Covering a rock where Muslims believe Muhammad ascended to heaven is a shrine known as The Dome of the Rock. In Jerusalem, it stands out from all other buildings. There’s no mistaking the ornate memorial, topped in gold. During a trip I took to Israel in 2014 with my church-family, Christians were not welcome within the shrine’s doors, so we appreciated the splendor from afar.
That was okay with me. I had another, personally more meaningful, tomb to visit. This other one, known as the Garden Tomb, was literally fit for a king. Not because it was extravagant or ornate or covered in gold. It was none of those things. There was nothing fancy about this other tomb. It was simply a cold, barren cave with a hard, stone floor. It was a tomb that long ago may have been customized to accommodate Jesus’s body. Some people believe that the King of Kings was too tall for His borrowed burial space and it had to be chiselled and lengthened to accommodate His height. Others more simply acknowledge that the Garden Tomb’s characteristics match historical records of Jesus’s burial.
Either way, this place in Jerusalem is where people come to pay homage to Jesus and to pray. I entered the solemn tomb and stood with my pastor and his wife. My pastor was weeping. In that moment, I recalled the torture Jesus endured before His death. I cried too. If anyone deserved a shrine or a temple, it was God incarnate Who sacrificed His life for the redemption of my sin.
The grounds surrounding Jesus’s burial tomb are full of flowers and plants, and there are many sitting areas that inspire personal reflection and prayer. Nature’s beauty helps comfort us in our grief. But the stark reality is that we mere mortals die. Those left behind visit gravesites, leave flowers, tenderly care for the little plots of earth where our loved ones rest. We continue in conversation with those departed. Our greatest comfort, however, comes from knowing we’ll see them again.

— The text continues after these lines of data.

lemma FSig_tmsub_cmp:
  assumes "A \<in> Ty F \<Gamma>" "a \<in> Tm F \<Gamma> A" "f \<in> Hom F \<Delta> \<Gamma>" "g \<in> Hom F \<Theta> \<Delta>"
  shows "tmsub F a (cmp F f g) = tmsub F (tmsub F a f) g"
proof -
  obtain S fs gs b where A: "A = (\<Gamma>, S)" and f: "f = (\<Delta>, \<Gamma>, fs)" "cmapJ J \<Delta> \<Gamma> fs"
    and g: "g = (\<Theta>, \<Delta>, gs)" and a: "a = ((\<Gamma>, S), b)" "JTm \<Gamma> b S \<in> J"
    using assms by (auto simp: FSig_Ty FSig_Hom FSig_Tm)
  have len: "length (OV \<Gamma>) = length fs" using f(2) by (simp add: cmapJ_def)
  have "varsT S \<subseteq> set (OV \<Gamma>)" "varsE b \<subseteq> set (OV \<Gamma>)" using Jdg_tm_scoped[OF presig a(2)] by auto
  from substT_substL[OF this(1) len] substE_substL[OF this(2) len] show ?thesis
    using A a f g by (simp add: FSig_simps)
qed

lemma FSig_vv_Tm:
  assumes "\<Gamma> \<in> Ob F" "A \<in> Ty F \<Gamma>"
  shows "vv F \<Gamma> A \<in> Tm F (ext F \<Gamma> A) (tysub F A (pp F \<Gamma> A))"
proof -
  obtain S where A: "A = (\<Gamma>, S)" "JTy \<Gamma> S \<in> J" using assms(2) by (auto simp: FSig_Ty)
  have \<Gamma>: "JCtx \<Gamma> \<in> J" using assms(1) by (simp add: FSig_Ob)
  show ?thesis
    using Jdg.R3[OF Jdg_ext[OF \<Gamma> A(2)], of "length \<Gamma>"] A by (simp add: FSig_Tm FSig_simps)
qed

lemma substL_ext_fresh:
  assumes "JCtx \<Gamma> \<in> J" "length ss = length \<Gamma>"
  shows "substL (OV \<Gamma> @ [freshC fr \<Gamma>]) (ss @ [b]) = (substL (OV \<Gamma>) ss)(freshC fr \<Gamma> := b)"
    and "map (substL (OV \<Gamma> @ [freshC fr \<Gamma>]) (ss @ [b])) (OV \<Gamma>) = ss"
proof -
  have len: "length (OV \<Gamma>) = length ss" using assms(2) by simp
  show eq: "substL (OV \<Gamma> @ [freshC fr \<Gamma>]) (ss @ [b]) = (substL (OV \<Gamma>) ss)(freshC fr \<Gamma> := b)"
    using substL_snoc[OF len freshC_notin] .
  have "map (substL (OV \<Gamma>) ss) (OV \<Gamma>) = ss"
    using map_substL_self[OF distinct_OV[OF fresh Jdg_ctx_precontext[OF presig assms(1)]] len] .
  then show "map (substL (OV \<Gamma> @ [freshC fr \<Gamma>]) (ss @ [b])) (OV \<Gamma>) = ss"
    unfolding eq using freshC_notin by (metis (no_types, lifting) fun_upd_other map_eq_conv)
qed

lemma FSig_pair:
  assumes "\<Gamma> \<in> Ob F" "A \<in> Ty F \<Gamma>" "f \<in> Hom F \<Delta> \<Gamma>" "a \<in> Tm F \<Delta> (tysub F A f)"
  shows "pair F \<Gamma> A f a \<in> Hom F \<Delta> (ext F \<Gamma> A)
    \<and> cmp F (pp F \<Gamma> A) (pair F \<Gamma> A f a) = f
    \<and> tmsub F (vv F \<Gamma> A) (pair F \<Gamma> A f a) = a
    \<and> (\<forall>\<Theta> g. g \<in> Hom F \<Theta> \<Delta> \<longrightarrow> cmp F (pair F \<Gamma> A f a) g = pair F \<Gamma> A (cmp F f g) (tmsub F a g))"
proof -
  obtain S ss where A: "A = (\<Gamma>, S)" "JTy \<Gamma> S \<in> J" and f: "f = (\<Delta>, \<Gamma>, ss)" "cmapJ J \<Delta> \<Gamma> ss"
    using assms(2,3) by (auto simp: FSig_Ty FSig_Hom)
  obtain b where a: "a = ((\<Delta>, substT (substL (OV \<Gamma>) ss) S), b)"
      "JTm \<Delta> b (substT (substL (OV \<Gamma>) ss) S) \<in> J"
    using assms(4) A f by (auto simp: FSig_Tm FSig_simps)
  have \<Gamma>: "JCtx \<Gamma> \<in> J" using assms(1) by (simp add: FSig_Ob)
  have "cmapJ J \<Delta> (\<Gamma> @ [(freshC fr \<Gamma>, S)]) (ss @ [b])"
    using cmapJ_snoc[OF f(2) Jdg_ext[OF \<Gamma> A(2)] a(2)] .
  moreover have "substT ((substL (OV \<Gamma>) ss)(freshC fr \<Gamma> := b)) S = substT (substL (OV \<Gamma>) ss) S"
    using Jdg_ty_scoped[OF presig A(2)] freshC_notin by (intro substT_cong) auto
  moreover have "length ss = length \<Gamma>" using f(2) by (simp add: cmapJ_def)
  note ext_fresh = substL_ext_fresh[OF \<Gamma> this, of b]
  ultimately show ?thesis
    using A f a ext_fresh(2)
    by (simp add: FSig_Hom FSig_simps comp_def ext_fresh(1) fun_upd_same del: fun_upd_apply)
qed

lemma FSig_pair_eta:
  assumes "\<Gamma> \<in> Ob F" "A \<in> Ty F \<Gamma>" "h \<in> Hom F \<Delta> (ext F \<Gamma> A)"
  shows "pair F \<Gamma> A (cmp F (pp F \<Gamma> A) h) (tmsub F (vv F \<Gamma> A) h) = h"
proof -
  obtain S where A: "A = (\<Gamma>, S)" using assms(2) by (auto simp: FSig_Ty)
  obtain hs where h: "h = (\<Delta>, \<Gamma> @ [(freshC fr \<Gamma>, S)], hs)" "cmapJ J \<Delta> (\<Gamma> @ [(freshC fr \<Gamma>, S)]) hs"
    using assms(3) A by (auto simp: FSig_Hom FSig_simps)
  have "hs \<noteq> []" using h(2) by (auto simp: cmapJ_def)
  then obtain ss b where hs: "hs = ss @ [b]" by (metis append_butlast_last_id)
  have "length ss = length \<Gamma>" using h(2) hs by (simp add: cmapJ_def)
  moreover have "JCtx \<Gamma> \<in> J" using assms(1) by (simp add: FSig_Ob)
  ultimately have "map (substL (OV \<Gamma> @ [freshC fr \<Gamma>]) (ss @ [b])) (OV \<Gamma>) = ss"
    and "substL (OV \<Gamma> @ [freshC fr \<Gamma>]) (ss @ [b]) (freshC fr \<Gamma>) = b"
    using substL_ext_fresh[of \<Gamma> ss b] by simp_all
  then show ?thesis using A h hs by (simp add: FSig_simps comp_def)
qed

lemma FSig_is_cwf: "is_cwf F"
  unfolding is_cwf_def
  by (simp add: FSig_category FSig_terminal FSig_tysub_Ty FSig_tysub_idm FSig_tysub_cmp FSig_ext_Ob
    FSig_tmsub_Tm FSig_tmsub_idm FSig_tmsub_cmp FSig_vv_Tm FSig_pair FSig_pair_eta)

Before His own death, Jesus predicted, “We are going up to Jerusalem, and everything that is written by the prophets about the Son of Man will be fulfilled. He will be handed over to the Gentiles. They will mock him, insult him, spit on him, flog him and kill him. On the third day he will rise again.” (Luke 18:31)
Jesus has no tombstone that screams accolades. The most obvious hint of His importance, royalty, and divinity was added years after His burial place was discovered. Where a stone once blocked His tomb’s entrance is now a wooden door with an inscription: “He is Risen.”
Indeed. Conquering death is worth celebrating. “Blessed are those who have not seen and yet have believed” (Jesus’s words from John 20:29.)
I like the insight you give about different cultures and their rituals about death. Nicely done!
Thank you, Sue.
I hesitate to read your posts, saving them for a time when life is quiet and I can read them slowly, for I know that I will be regretting the end. Once again, the experience was the same; I’m left craving for more. I’ll be one of the first to buy the book. Blessings to you and your family, Kelly!
Noreen, your encouraging words fuel my passion for writing and help me justify all the time that I steal from other endeavors in order to pursue my grand desire. Thanks for believing that I’ll get it done. Love and hugs to you and yours.
Kelly, Dare I say it? This is your best post yet – well done on so many levels. I did not know we shared this cemetary obsession – the curiousity for what happened and an appreciation for time softening the finely etched words, tilting a headstone or reducing it to rubble. Happy Easter!
Karen, thank you so much. I’m glad to know we share interest in cemeteries. They’re a great source of inspiration, and your affection for them is made clear through your kind words. With this post, I had fun squeezing in each of the topics I like to write about: people, travel, and God. Happy Easter to you too!
Phil, that is a beautiful epitaph, and one that greatly honors your father.
The truest tombstone I ever read was, “To live in the hearts of those you leave behind is to never die at all…” over my father’s grave.